6.2 Subscription Term and Renewals. For monthly or annual subscriptions, this Agreement shall commence upon Customer’s successful initial payment and continue for a period of one month or one year, as applicable. The subscription will automatically renew for a subsequent one-month or one-year period; however, if the subscription fee is not successfully processed on the first day of the renewal period, Customer will be granted a 14-day grace period for payment retry. If the payment remains unsuccessful at the end of this 14-day period, the subscription shall automatically expire and access to the Perxona Service will be terminated without further notice.
6.3 Suspension. XRSPACE may, at its reasonable discretion, suspend access to Perxona Service and Perxona Software at any time if XRSPACE believes that (a) Customer is in breach of any obligations under this Agreement; (b) Customer’s or its End Users’ use of Perxona Service or Perxona Software poses a security risk; (c) Customer’s or its End Users’ use of Perxona Service or Perxona Software violates, misappropriates, or infringes the rights of XRSPACE or a third party; or (d) Customer’s or its End Users’ use of Perxona Service or Perxona Software renders Perxona Service unavailable. XRSPACE may inform Customer about the reasons for any such suspension in advance, but has no obligation to provide prior notice to the extent an issue causes or is likely to cause immediate, material and ongoing harm to Perxona Service.
6.4 Termination for Breach. Either Party may terminate this Agreement if the other Party commits a material breach of this Agreement and does not cure the breach within thirty (30) days from receiving written notice of such breach from the non-breaching Party. Without limiting the foregoing, any failure by Customer to timely pay to XRSPACE any amounts owing under this Agreement will constitute a material breach of this Agreement.
6.5 Effects of Termination.

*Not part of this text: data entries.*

lemma sqrt_of_nat_le: "sqrt (real n) \<le> real n"
  by (rule real_le_lsqrt) (auto simp: power2_eq_square simp flip: of_nat_mult)

lemma ladder_defect_bound:
  assumes "1 \<le> d"
  shows "\<bar>ladder_defect d n\<bar> \<le> (real n + 1) ^ 2 / real d"
proof (cases "1 \<le> n \<and> n \<le> d")
  case False
  have "\<bar>ladder_defect d n\<bar> = sqrt (real n)"
    using False by (cases "n = 0") (auto simp: ladder_defect_def spin_ladder_def)
  also have "\<dots> \<le> real n"
    by (rule sqrt_of_nat_le)
  also have "real n \<le> (real n + 1) ^ 2 / real d"
  proof -
    have "real d * real n \<le> real n * real n"
      using False by (cases "n = 0") (auto intro: mult_right_mono)
    then show ?thesis
      using assms by (simp add: field_simps power2_eq_square)
  qed
  finally show ?thesis .
next
  case True
  define x where "x = (real d + 1 - real n) / real d"
  have x: "0 \<le> x" "x \<le> 1" "1 - x = (real n - 1) / real d"
    using True assms by (auto simp: x_def field_simps)
  have "x = sqrt x * sqrt x"
    using x by simp
  also have "\<dots> \<le> sqrt x"
    using x by (intro mult_left_le) auto
  finally have defect: "\<bar>1 - sqrt x\<bar> \<le> (real n - 1) / real d"
    using x by simp
  have "spin_ladder d n / sqrt (real d) = sqrt (real n) * sqrt x"
    using True by (simp add: spin_ladder_def x_def real_sqrt_mult real_sqrt_divide)
  then have "ladder_defect d n = sqrt (real n) * (1 - sqrt x)"
    by (simp add: ladder_defect_def right_diff_distrib)
  then have "\<bar>ladder_defect d n\<bar> = sqrt (real n) * \<bar>1 - sqrt x\<bar>"
    by (simp add: abs_mult)
  also have "\<dots> \<le> real n * ((real n - 1) / real d)"
    by (rule mult_mono[OF sqrt_of_nat_le defect]) auto
  also have "\<dots> \<le> (real n + 1) ^ 2 / real d"
    using assms by (simp add: field_simps power2_eq_square)
  finally show ?thesis .
qed

lemma ann_minus_Jplus:
  "msub ann (smul (1 / of_real (sqrt (real d))) (Wconj d (Jplus d)))
     = tridiag (\<lambda>n. of_real (ladder_defect d n)) (\<lambda>_. 0)"
  unfolding ann_tridiag Wconj_Jplus msub_tridiag smul_tridiag
  by (rule arg_cong2[where f = tridiag]) (auto simp: fun_eq_iff ladder_defect_def)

Upon termination or expiration of this Agreement: (a) XRSPACE may immediately disable Customer’s and its End Users’ use of Perxona Service; (b) Customer shall immediately cease using Perxona Software and delete all copies of Perxona Software that Customer has in its possession or under its control; and (c) Customer shall pay to XRSPACE any fees that had accrued but has not been paid prior to such expiration or termination. If Customer terminates this Agreement for breach in accordance with this Section 6.4, XRSPACE will refund the unused portion of any prepaid fees that were paid for Perxona Service for the remainder of the subscription period. Upon request, each Party will use commercially reasonable efforts to return or destroy all Confidential Information of the other Party. Sections 3.5, 4, 5, 6.5, 7, 8, 9, 10 and 11 will survive termination or expiration of this Agreement.
Confidentiality
7.1 General Obligation. Each Party will (a) hold the Confidential Information of the other Party in strict confidence; (b) protect and safeguard the confidentiality of such Confidential Information with at least the same degree of care as the receiving Party uses to protect and safeguard its own confidential and proprietary information (but in no event with less than a reasonable degree of care); (c) immediately notify the disclosing Party of any unauthorized access, use, or disclosure of any of disclosing Party’s Confidential Information; and (d) cooperate with the disclosing Party’s efforts to prevent further breaches of this Section 7.1.

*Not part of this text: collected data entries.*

lemma commuting_conjugates_skew_part:
  assumes y: "y \<in> H" and yc: "commutes_with_conjugates y"
  shows "commuting_conjugates Q G W H (\<lambda>v. y v - ginv y v) (-1)"
proof (rule commuting_conjugates.intro[OF irreducible_block_axioms commuting_conjugates_axioms.intro])
  have oy: "y \<in> orth_set Q" and oyi: "ginv y \<in> orth_set Q" using H_orth_set y ginv_in by auto
  show "linear_map (\<lambda>v. y v - ginv y v)"
    using vec.linear_compose_sub[OF orth_setD(1)[OF oy] orth_setD(1)[OF oyi]] by simp
  show "(\<lambda>v. y v - ginv y v) ` W \<subseteq> W"
    using H_W y H_ginv vec.subspace_diff[OF subspace_W] by blast
  show "b (y u - ginv y u) v = - 1 * b u (y v - ginv y v)" if "u \<in> W" "v \<in> W" for u v
    using b_isometry_adjoint[OF oy, of u v] b_isometry_adjoint[OF oyi, of u v] ginv_ginv[OF oy]
    by (simp add: b.diff_left b.diff_right)
  fix h w assume h: "h \<in> H" and w: "w \<in> W"
  have conj_yi: "conjug h (ginv y) = ginv (conjug h y)"
    using ginv_conjug[OF oy H_orth_set[OF h]] by simp
  have c1: "\<forall>w\<in>W. y (conjug h y w) = conjug h y (y w)" using yc h unfolding commutes_with_conjugates_def by blast
  have qH: "conjug h y \<in> H" using conjug_in_H h y by blast
  have c2: "\<forall>w\<in>W. ginv y (conjug h y w) = conjug h y (ginv y w)"
    using ginv_commute_on_W[OF y qH c1] .
  have c3: "\<forall>w\<in>W. conjug h (ginv y) (y w) = y (conjug h (ginv y) w)"
    using ginv_commute_on_W[OF qH y] c1 unfolding conj_yi by metis
  have c4: "\<forall>w\<in>W. conjug h (ginv y) (ginv y w) = ginv y (conjug h (ginv y) w)"
    using ginv_commute_on_W[OF qH H_ginv[OF y]] c2 unfolding conj_yi by metis
  have diff: "conjug h (\<lambda>v. y v - ginv y v) v = conjug h y v - conjug h (ginv y) v" for v
    unfolding conjug_def using isometry_diff[OF H_orth_set[OF h]] by simp
  have lin: "f (a - c) = f a - f c" if "f \<in> H" for f a c using isometry_diff H_orth_set that by blast
  show "y (conjug h (\<lambda>v. y v - ginv y v) w) - ginv y (conjug h (\<lambda>v. y v - ginv y v) w)
      = conjug h (\<lambda>v. y v - ginv y v) (y w - ginv y w)"
  proof -
    have A: "y (conjug h y w) = conjug h y (y w)" "ginv y (conjug h y w) = conjug h y (ginv y w)"
      "y (conjug h (ginv y) w) = conjug h (ginv y) (y w)"
      "ginv y (conjug h (ginv y) w) = conjug h (ginv y) (ginv y w)"
      using c1 c2 c3 c4 w by auto
    show ?thesis
      unfolding diff lin[OF y] lin[OF H_ginv[OF y]] lin[OF qH]
        lin[OF conjug_in_H[OF h H_ginv[OF y]]] A
      by (simp add: algebra_simps)
  qed
qed simp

7.2 Disclosure to Representatives. In addition to the obligations in Section 7.1, the receiving Party will only disclose the disclosing Party’s Confidential Information to its employees and contractors who have a need to know and who have signed written agreements with (or are otherwise bound by confidentiality obligations owed to) receiving Party that require or permit such individuals to use, disclose, and protect the Confidential Information only in a manner consistent with the provisions of this Agreement. The receiving Party will be responsible to the disclosing Party for any failure by any of its employees or contractors to comply with obligations set forth in this Agreement.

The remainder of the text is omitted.